• REQUIREMENT
From the records that follow, copy every line in which "finally" appears.

• Collected data
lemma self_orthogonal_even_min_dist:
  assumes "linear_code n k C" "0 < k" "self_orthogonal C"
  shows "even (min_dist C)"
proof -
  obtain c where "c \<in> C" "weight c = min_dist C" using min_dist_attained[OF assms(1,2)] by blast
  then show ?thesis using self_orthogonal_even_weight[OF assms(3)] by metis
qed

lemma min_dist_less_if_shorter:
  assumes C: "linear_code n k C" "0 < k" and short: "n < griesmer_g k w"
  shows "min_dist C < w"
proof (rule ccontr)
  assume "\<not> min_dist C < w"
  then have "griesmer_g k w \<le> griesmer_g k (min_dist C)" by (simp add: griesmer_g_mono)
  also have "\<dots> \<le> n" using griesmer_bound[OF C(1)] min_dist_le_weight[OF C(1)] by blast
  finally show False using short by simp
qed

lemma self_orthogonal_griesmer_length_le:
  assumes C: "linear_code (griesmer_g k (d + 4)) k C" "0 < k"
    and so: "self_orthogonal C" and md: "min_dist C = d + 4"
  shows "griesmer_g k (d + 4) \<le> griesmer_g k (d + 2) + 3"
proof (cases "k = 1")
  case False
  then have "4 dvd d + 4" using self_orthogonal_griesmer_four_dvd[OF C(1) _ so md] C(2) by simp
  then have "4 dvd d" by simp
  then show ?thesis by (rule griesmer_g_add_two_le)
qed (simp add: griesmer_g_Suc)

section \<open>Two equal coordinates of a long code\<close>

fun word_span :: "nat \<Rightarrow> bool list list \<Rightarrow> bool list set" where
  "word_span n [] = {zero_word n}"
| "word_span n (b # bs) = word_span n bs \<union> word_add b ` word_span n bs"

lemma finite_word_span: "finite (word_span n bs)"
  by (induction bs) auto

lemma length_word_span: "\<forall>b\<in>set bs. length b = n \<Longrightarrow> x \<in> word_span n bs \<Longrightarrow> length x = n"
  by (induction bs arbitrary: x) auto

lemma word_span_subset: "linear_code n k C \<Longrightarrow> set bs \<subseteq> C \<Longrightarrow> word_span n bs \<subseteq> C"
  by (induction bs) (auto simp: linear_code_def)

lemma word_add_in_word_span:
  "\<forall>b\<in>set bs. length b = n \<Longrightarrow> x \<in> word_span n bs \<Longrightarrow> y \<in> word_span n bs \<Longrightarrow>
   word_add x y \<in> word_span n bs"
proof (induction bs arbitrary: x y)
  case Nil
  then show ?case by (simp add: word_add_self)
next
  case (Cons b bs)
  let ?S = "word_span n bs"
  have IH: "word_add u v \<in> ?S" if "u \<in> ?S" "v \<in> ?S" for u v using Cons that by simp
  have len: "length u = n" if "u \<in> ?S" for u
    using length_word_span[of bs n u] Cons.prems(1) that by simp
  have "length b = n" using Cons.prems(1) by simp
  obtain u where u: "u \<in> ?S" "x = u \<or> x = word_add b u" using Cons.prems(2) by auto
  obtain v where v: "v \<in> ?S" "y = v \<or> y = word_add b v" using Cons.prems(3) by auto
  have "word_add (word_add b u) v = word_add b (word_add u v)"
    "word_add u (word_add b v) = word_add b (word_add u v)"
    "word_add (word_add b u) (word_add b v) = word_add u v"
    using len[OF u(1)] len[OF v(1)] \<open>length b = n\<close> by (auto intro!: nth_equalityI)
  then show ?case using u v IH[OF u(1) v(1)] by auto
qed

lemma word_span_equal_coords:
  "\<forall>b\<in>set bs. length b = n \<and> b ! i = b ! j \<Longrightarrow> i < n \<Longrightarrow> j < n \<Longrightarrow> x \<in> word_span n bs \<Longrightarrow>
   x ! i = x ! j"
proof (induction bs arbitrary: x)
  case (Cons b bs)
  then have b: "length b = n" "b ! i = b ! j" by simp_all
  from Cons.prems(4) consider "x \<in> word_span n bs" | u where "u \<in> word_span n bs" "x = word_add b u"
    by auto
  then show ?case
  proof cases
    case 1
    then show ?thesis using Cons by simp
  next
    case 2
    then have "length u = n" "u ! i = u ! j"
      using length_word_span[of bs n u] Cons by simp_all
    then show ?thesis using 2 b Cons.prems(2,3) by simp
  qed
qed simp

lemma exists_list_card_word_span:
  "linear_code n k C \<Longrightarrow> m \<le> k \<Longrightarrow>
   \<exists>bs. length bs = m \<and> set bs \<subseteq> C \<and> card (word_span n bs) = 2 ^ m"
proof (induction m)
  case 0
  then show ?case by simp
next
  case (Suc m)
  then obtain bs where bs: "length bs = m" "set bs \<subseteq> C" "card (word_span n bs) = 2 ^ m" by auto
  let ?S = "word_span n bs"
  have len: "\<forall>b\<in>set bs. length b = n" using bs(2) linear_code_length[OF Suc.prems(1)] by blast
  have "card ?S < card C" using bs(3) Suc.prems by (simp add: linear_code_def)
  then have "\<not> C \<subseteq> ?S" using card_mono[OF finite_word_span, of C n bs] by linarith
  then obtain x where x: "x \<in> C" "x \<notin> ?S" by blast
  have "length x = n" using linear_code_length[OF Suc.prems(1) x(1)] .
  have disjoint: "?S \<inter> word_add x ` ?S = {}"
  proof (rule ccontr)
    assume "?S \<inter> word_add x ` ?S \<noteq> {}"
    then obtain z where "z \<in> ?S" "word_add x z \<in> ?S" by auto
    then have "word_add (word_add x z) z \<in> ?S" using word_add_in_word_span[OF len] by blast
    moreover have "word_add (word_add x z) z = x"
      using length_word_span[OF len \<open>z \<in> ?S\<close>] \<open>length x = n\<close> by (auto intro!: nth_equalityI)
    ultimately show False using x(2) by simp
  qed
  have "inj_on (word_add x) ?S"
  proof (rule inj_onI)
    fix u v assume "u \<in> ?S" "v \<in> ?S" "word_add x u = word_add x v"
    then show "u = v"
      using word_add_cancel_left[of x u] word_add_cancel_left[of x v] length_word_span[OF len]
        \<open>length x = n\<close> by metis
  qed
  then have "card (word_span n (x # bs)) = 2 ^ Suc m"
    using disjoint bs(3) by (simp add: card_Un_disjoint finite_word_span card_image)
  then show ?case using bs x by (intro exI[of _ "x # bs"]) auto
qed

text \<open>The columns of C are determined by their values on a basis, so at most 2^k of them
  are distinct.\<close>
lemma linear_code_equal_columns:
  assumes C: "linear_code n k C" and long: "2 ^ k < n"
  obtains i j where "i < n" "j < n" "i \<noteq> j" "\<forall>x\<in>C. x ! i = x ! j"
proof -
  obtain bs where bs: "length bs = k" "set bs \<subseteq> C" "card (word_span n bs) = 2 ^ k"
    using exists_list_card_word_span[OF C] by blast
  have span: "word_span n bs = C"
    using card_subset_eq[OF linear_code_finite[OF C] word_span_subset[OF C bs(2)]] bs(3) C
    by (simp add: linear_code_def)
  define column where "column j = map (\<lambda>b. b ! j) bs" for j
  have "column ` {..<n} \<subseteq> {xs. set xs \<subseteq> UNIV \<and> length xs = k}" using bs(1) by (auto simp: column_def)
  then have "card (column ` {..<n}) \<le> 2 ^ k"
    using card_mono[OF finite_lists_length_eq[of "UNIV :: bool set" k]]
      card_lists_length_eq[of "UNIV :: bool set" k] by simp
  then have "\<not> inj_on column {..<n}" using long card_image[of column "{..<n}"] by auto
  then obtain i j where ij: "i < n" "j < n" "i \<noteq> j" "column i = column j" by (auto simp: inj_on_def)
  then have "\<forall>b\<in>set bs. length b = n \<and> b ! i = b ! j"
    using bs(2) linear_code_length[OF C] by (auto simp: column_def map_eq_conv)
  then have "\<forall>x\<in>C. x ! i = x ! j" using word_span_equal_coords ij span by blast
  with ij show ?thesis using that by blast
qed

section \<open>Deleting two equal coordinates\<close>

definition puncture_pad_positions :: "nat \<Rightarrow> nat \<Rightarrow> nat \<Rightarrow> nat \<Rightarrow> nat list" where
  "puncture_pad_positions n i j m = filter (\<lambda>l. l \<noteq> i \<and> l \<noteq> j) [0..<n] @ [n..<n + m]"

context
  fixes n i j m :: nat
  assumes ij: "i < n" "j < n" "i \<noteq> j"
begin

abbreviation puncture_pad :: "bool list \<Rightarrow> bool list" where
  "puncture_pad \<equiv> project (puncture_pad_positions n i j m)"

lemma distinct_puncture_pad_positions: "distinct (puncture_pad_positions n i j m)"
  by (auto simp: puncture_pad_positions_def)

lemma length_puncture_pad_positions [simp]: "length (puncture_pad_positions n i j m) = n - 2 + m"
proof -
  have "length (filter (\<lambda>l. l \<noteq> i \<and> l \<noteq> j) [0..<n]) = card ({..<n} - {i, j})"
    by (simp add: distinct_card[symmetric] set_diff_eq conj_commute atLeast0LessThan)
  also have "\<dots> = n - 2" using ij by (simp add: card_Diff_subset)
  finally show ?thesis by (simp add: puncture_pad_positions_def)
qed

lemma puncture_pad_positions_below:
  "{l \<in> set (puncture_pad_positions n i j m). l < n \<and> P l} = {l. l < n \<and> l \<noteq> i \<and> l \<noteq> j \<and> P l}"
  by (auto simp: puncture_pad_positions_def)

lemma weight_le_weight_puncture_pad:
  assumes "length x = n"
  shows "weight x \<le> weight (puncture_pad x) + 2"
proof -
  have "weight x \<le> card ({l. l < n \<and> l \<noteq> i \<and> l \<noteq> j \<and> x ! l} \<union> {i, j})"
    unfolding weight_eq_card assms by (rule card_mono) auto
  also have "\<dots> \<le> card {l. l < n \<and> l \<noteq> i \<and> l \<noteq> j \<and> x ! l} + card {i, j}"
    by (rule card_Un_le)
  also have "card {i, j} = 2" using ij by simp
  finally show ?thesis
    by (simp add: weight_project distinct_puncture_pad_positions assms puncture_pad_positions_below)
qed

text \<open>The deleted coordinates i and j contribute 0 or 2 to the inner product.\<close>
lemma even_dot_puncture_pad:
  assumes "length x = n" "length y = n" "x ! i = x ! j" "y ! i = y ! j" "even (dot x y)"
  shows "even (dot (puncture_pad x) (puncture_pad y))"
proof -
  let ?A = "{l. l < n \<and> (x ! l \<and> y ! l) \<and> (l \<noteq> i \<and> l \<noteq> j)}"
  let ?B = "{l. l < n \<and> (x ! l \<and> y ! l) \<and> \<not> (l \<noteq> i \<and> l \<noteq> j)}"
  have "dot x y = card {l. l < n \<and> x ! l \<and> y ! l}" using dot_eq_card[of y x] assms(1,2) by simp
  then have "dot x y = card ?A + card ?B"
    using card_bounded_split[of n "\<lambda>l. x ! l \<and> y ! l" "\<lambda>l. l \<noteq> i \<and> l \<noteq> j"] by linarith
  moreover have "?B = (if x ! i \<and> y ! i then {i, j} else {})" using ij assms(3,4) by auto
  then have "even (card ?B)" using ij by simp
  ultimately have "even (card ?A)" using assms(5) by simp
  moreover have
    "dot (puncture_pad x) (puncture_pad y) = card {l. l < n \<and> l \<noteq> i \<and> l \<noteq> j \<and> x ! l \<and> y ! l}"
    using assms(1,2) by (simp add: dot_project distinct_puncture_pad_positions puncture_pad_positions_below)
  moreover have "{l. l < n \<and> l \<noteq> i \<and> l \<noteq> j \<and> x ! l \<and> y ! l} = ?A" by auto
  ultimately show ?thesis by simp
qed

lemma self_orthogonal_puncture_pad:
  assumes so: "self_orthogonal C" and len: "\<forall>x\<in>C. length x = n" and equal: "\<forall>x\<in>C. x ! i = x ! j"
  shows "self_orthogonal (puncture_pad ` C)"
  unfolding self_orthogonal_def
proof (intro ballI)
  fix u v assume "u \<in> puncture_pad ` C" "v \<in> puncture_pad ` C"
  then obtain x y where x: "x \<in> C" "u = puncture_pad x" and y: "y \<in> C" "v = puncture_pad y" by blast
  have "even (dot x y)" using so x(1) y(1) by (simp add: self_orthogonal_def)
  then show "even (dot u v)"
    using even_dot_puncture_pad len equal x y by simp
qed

• RESULT FOR THIS TASK
  finally show False using short by simp
  finally show ?thesis by (simp add: puncture_pad_positions_def)
  finally show ?thesis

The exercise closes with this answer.